As in swine, the rectum was occluded transanally with a 2-0 vicryl purse-string suture approximately 3-4 cm from the anal verge, above the sphincter complex. The 7.5 cm TEO proctoscope (Storz, Tuttlingen, Germany) was then inserted transanally and sealed with a faceplate. CO2 was then insufflated (Figures 2(a) and 2(b)). Circumferential dissection of the rectum was initiated above the anal sphincter complex using electrocautery and TEO dissecting instruments (Figure 2(c)). Low pressure CO2 insufflation (9 mm Hg) was used to facilitate dissection. Posterior entry into the presacral space was facilitated by CO2 insufflation and flexible-tip instruments. The mesorectum was mobilized sharply, with or without electrocautery or a bipolar device (Autosonix ultrashears, Covidien, Norwalk, CT), and mesorectal dissection proceeded cephalad along the avascular presacral plane (Figure 2(d)). This plane of dissection was extended medially, laterally, and anteriorly to achieve circumferential rectal mobilization and TME. The shorter proctoscope was replaced with the 15 cm proctoscope to improve exposure. The peritoneal reflection was visualized and divided anteriorly after carefully mobilizing the vagina or prostate from the anterior rectal wall, and the peritoneal cavity was entered (Figure 2(e)). The peritoneal attachments of the rectosigmoid were divided using electrocautery and a bipolar device (Autosonix). Proximal dissection was continued either via transanal endoscopic dissection alone or with transgastric endoscopic or laparoscopic assistance. The inferior mesenteric pedicle was taken in all cadavers using a bipolar device or a linear endoscopic stapler (EndoGIA, Covidien) inserted transanally through the TEO platform.
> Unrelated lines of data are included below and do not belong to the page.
text \<open>X^m and Y^m for the period m are nonzero multiples of t^m and t^-m, because the
  coefficient products over a full period do not depend on the degree.\<close>

lemma submodule_laurent_ideal:
  assumes nonzero: "\<forall>j. lam j + z \<noteq> 0" and periodic: "period lam \<noteq> 0"
    and W: "Hf_submodule X Y H W"
  shows "laurent_ideal W"
proof -
  let ?m = "period lam"
  have a: "a j \<noteq> 0" and b: "b j \<noteq> 0" for j using nonzero by (simp_all flip: a_b_nonzero_iff)
  have "\<forall>i. lam (i + int ?m) = lam i" using period_dvd_iff[of lam "int ?m"] by simp
  then have per: "a (j + int ?m) = a j" "b (j + int ?m) = b j" for j
    using a_b_periodic by simp_all
  have X_pow_in: "(X ^^ k) w \<in> W" and Y_pow_in: "(Y ^^ k) w \<in> W" if "w \<in> W" for w k
    using W that by (auto intro!: funpow_closed simp: Hf_submodule_def)
  define CX where "CX = (\<Prod>l<?m. a (int l))"
  define CY where "CY = (\<Prod>l<?m. b (int l))"
  have "CX \<noteq> 0" "CY \<noteq> 0" using a b by (simp_all add: CX_def CY_def)
  have "(X ^^ ?m) w = lsmult CX (lt (int ?m) * w)" for w
    by (rule poly_mapping_eqI)
      (simp add: CX_def lcoeff_X_pow lcoeff_lt_mult prod_lessThan_periodic[where c=a, OF per(1)])
  then have up: "lt (int ?m) * w \<in> W" if "w \<in> W" for w
    using Hf_submodule_lsmult[OF W X_pow_in[OF that], of "1 / CX" ?m] \<open>CX \<noteq> 0\<close> by simp
  have "(Y ^^ ?m) w = lsmult CY (lt (- int ?m) * w)" for w
    by (rule poly_mapping_eqI)
      (simp add: CY_def lcoeff_Y_pow lcoeff_lt_mult prod_lessThan_periodic[where c=b, OF per(2)])
  then have down: "lt (- int ?m) * w \<in> W" if "w \<in> W" for w
    using Hf_submodule_lsmult[OF W Y_pow_in[OF that], of "1 / CY" ?m] \<open>CY \<noteq> 0\<close> by simp
  show ?thesis
    using a_or_b_one
  proof
    assume "\<forall>j. a j = 1"
    then have "X w = lt 1 * w" for w
      by (intro poly_mapping_eqI) (simp add: lcoeff_X lcoeff_lt_mult)
    then have right: "lt 1 * w \<in> W" if "w \<in> W" for w using X_pow_in[OF that, of 1] by simp
    have "lt (- 1) * w = ((*) (lt 1) ^^ (?m - 1)) (lt (- int ?m) * w)" for w
      using periodic by (simp add: lt_mult_funpow lt_mult_lt mult.assoc[symmetric] of_nat_diff)
    then have "lt (- 1) * w \<in> W" if "w \<in> W" for w
      using funpow_closed[of W, OF right down[OF that]] by simp
    with right show ?thesis by (rule laurent_ideal_if_lt_shift_closed[OF W])
  next
    assume "\<forall>j. b j = 1"
    then have "Y w = lt (- 1) * w" for w
      by (intro poly_mapping_eqI) (simp add: lcoeff_Y lcoeff_lt_mult)
    then have left: "lt (- 1) * w \<in> W" if "w \<in> W" for w using Y_pow_in[OF that, of 1] by simp
    have "lt 1 * w = ((*) (lt (- 1)) ^^ (?m - 1)) (lt (int ?m) * w)" for w
      using periodic by (simp add: lt_mult_funpow lt_mult_lt mult.assoc[symmetric] of_nat_diff)
    then have "lt 1 * w \<in> W" if "w \<in> W" for w
      using funpow_closed[of W, OF left up[OF that]] by simp
    then show ?thesis using left by (rule laurent_ideal_if_lt_shift_closed[OF W])
  qed
qed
Figure 2: (a) Set up for pure NOTES transanal rectosigmoid resection via TEM using standard instruments and endoscopic tools in cadavers using a colonoscope for visualization. (b) Set up for transanal NOTES rectosigmoid resection with laparoscopic assistance in cadavers. (c) Transanal circumferential and full-thickness rectal dissection through the TEM platform, starting just below the purse-string suture, in a female patient with an upper rectal cancer. (d) Transanal posterior mesorectal dissection using laparoscopic instruments through the TEM platform in a female patient. (e) Transanal mobilization of the anterior rectal wall and peritoneal entry through the TEM platform in a female patient. (f) Intact rectosigmoid specimen and mesorectum following transanal NOTES procedures.

In cadavers undergoing sole transanal rectosigmoid resection, dissection into the peritoneal cavity was extended as cephalad as possible using TEO and laparoscopic instruments, with or without transanal endoscopic assistance using a gastroscope (Pentax Medocal Incl, Montvale, NJ, USA). When dissection could not be extended any further, the proctoscope was removed, and the specimen was exteriorized in preparation for specimen extraction.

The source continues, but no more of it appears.